Check each line of the listing below for the string "with", then copy every line that has it.

GIVEN ENTRIES:

------------------------------

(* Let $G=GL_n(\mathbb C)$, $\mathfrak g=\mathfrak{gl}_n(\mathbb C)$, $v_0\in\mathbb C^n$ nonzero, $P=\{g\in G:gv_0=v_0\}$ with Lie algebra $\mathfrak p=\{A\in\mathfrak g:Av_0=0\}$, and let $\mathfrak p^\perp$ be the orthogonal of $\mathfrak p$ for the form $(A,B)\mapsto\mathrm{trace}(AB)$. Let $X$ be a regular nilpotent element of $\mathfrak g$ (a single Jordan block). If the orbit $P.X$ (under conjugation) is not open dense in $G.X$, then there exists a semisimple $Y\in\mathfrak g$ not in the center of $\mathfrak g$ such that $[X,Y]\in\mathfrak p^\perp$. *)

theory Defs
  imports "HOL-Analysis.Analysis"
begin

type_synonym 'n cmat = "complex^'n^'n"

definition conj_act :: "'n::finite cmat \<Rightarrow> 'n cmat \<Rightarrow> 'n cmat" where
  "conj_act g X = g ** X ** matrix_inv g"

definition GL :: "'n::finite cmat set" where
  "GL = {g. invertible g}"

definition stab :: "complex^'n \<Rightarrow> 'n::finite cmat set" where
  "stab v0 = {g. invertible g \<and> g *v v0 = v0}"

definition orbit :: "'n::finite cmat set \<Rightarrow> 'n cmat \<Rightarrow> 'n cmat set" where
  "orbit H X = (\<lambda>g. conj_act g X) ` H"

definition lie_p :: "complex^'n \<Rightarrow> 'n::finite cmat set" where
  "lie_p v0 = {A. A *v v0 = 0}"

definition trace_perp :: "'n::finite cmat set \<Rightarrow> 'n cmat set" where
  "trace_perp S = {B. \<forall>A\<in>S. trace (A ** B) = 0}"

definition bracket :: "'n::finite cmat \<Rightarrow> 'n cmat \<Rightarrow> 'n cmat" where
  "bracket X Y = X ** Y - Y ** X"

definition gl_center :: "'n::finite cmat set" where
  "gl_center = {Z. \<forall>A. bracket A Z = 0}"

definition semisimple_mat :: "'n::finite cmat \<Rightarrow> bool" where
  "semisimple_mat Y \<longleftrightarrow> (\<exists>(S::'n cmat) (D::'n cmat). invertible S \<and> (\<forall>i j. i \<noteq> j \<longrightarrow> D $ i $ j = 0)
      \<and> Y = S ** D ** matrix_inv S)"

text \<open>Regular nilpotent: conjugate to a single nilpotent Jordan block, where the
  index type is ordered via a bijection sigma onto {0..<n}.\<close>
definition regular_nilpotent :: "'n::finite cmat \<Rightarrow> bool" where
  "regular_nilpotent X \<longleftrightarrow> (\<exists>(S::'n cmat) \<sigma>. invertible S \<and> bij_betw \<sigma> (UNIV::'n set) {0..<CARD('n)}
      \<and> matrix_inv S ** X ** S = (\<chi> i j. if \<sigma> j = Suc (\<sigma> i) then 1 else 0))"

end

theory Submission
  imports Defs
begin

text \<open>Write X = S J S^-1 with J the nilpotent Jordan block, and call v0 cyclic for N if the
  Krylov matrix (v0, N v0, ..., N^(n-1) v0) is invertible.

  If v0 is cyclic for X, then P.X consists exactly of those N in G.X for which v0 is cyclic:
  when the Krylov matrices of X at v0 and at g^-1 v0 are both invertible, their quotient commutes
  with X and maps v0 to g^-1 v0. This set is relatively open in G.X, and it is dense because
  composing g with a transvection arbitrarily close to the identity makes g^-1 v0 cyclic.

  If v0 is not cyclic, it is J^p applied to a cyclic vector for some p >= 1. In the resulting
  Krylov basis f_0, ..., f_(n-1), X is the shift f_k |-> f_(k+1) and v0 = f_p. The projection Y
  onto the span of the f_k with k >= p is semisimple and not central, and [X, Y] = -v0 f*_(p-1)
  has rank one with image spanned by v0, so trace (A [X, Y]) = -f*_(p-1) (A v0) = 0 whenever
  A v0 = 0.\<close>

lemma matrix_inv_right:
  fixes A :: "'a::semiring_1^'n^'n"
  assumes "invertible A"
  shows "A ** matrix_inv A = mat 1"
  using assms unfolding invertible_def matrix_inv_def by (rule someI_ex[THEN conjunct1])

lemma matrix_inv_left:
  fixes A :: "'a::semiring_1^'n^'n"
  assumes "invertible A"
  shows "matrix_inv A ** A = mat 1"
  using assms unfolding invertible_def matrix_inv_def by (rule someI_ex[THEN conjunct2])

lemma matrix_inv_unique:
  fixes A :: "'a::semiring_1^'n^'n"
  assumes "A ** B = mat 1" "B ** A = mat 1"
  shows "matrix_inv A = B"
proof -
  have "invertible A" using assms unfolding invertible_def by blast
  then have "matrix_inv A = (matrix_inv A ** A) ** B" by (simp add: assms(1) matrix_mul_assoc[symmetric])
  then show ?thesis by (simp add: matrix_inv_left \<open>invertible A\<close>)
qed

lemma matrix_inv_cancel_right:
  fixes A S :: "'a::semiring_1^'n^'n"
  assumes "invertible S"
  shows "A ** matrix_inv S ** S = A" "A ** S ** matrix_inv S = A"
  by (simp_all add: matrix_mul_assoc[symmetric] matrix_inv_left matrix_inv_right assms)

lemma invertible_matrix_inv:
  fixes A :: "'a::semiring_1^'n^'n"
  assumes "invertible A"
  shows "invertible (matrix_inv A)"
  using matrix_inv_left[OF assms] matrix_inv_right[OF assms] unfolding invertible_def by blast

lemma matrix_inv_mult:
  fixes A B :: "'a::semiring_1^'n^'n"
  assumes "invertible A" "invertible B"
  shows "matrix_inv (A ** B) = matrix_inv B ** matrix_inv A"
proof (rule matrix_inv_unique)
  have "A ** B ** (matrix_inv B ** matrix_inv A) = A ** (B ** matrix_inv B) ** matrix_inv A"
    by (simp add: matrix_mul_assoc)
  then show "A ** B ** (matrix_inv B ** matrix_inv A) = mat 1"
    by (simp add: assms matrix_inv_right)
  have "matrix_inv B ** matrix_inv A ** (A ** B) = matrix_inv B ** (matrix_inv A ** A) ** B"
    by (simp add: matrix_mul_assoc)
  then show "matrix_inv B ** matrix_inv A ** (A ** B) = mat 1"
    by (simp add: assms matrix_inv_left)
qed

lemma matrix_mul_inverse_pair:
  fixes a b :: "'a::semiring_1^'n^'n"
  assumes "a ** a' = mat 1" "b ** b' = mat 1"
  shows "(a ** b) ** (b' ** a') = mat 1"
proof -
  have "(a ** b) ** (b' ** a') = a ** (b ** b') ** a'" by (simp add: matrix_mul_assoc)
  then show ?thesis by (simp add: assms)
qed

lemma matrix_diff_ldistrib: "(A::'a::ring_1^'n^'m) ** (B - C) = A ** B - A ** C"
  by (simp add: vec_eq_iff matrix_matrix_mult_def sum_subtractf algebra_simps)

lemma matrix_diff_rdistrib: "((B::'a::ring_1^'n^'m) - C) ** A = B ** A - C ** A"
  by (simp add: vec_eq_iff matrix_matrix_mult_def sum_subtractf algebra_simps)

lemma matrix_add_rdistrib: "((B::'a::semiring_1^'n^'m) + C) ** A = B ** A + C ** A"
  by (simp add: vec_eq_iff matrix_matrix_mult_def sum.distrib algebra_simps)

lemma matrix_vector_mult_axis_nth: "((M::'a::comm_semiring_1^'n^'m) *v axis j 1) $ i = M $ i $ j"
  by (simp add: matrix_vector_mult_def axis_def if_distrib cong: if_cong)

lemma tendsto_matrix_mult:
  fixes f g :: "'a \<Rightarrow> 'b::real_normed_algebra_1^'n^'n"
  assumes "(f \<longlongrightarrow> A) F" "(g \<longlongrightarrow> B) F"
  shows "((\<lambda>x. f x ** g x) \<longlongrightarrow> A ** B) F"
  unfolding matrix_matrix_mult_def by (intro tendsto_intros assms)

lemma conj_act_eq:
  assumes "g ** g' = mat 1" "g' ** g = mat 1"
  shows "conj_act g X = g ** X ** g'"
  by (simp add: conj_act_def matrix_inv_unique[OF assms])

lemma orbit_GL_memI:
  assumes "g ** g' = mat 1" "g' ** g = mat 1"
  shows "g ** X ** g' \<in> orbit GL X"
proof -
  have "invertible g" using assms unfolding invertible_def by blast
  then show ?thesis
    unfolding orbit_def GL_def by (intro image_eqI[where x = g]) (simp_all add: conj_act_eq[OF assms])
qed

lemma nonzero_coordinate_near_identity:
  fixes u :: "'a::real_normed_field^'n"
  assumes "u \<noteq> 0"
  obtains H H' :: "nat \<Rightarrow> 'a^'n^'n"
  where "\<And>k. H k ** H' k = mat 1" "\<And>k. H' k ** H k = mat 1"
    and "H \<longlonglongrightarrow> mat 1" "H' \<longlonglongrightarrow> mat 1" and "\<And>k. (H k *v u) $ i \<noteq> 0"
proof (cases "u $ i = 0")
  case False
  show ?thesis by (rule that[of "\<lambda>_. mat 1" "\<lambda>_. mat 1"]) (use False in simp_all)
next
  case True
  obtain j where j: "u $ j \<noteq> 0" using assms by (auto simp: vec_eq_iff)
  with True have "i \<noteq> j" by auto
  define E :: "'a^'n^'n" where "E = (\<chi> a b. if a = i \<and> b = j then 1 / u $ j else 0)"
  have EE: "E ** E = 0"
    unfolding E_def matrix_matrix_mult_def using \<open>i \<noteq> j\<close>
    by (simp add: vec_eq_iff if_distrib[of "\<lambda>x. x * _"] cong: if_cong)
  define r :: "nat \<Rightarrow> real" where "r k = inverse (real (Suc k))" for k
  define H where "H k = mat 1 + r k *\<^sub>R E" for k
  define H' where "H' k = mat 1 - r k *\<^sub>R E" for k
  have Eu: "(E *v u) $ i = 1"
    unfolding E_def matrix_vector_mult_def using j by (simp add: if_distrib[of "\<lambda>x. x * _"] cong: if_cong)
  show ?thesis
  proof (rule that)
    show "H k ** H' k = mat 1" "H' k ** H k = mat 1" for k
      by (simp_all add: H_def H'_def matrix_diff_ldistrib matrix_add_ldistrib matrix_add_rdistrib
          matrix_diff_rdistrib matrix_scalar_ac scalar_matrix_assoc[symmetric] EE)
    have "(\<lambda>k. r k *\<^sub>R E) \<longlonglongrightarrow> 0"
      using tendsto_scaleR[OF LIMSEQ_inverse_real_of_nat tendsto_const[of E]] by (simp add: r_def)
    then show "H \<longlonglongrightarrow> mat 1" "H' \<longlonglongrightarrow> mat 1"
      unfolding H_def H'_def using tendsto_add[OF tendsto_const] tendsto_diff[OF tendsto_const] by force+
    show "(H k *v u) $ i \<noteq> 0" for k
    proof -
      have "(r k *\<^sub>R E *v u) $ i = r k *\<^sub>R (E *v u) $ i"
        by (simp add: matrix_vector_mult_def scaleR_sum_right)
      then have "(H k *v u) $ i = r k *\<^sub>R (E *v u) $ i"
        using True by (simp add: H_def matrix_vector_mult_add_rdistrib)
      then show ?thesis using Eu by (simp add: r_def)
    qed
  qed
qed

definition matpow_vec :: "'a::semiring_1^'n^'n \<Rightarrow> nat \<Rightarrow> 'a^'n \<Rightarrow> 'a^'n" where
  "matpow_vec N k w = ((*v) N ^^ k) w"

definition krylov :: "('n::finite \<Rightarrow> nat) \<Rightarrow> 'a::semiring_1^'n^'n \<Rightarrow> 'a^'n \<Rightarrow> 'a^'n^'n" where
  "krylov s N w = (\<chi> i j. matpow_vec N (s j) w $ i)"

------------------------------

RESULT OF THE EXERCISE:
(* Let $G=GL_n(\mathbb C)$, $\mathfrak g=\mathfrak{gl}_n(\mathbb C)$, $v_0\in\mathbb C^n$ nonzero, $P=\{g\in G:gv_0=v_0\}$ with Lie algebra $\mathfrak p=\{A\in\mathfrak g:Av_0=0\}$, and let $\mathfrak p^\perp$ be the orthogonal of $\mathfrak p$ for the form $(A,B)\mapsto\mathrm{trace}(AB)$. Let $X$ be a regular nilpotent element of $\mathfrak g$ (a single Jordan block). If the orbit $P.X$ (under conjugation) is not open dense in $G.X$, then there exists a semisimple $Y\in\mathfrak g$ not in the center of $\mathfrak g$ such that $[X,Y]\in\mathfrak p^\perp$. *)
text \<open>Write X = S J S^-1 with J the nilpotent Jordan block, and call v0 cyclic for N if the
  with X and maps v0 to g^-1 v0. This set is relatively open in G.X, and it is dense because
  composing g with a transvection arbitrarily close to the identity makes g^-1 v0 cyclic.
  onto the span of the f_k with k >= p is semisimple and not central, and [X, Y] = -v0 f*_(p-1)
  has rank one with image spanned by v0, so trace (A [X, Y]) = -f*_(p-1) (A v0) = 0 whenever
  with True have "i \<noteq> j" by auto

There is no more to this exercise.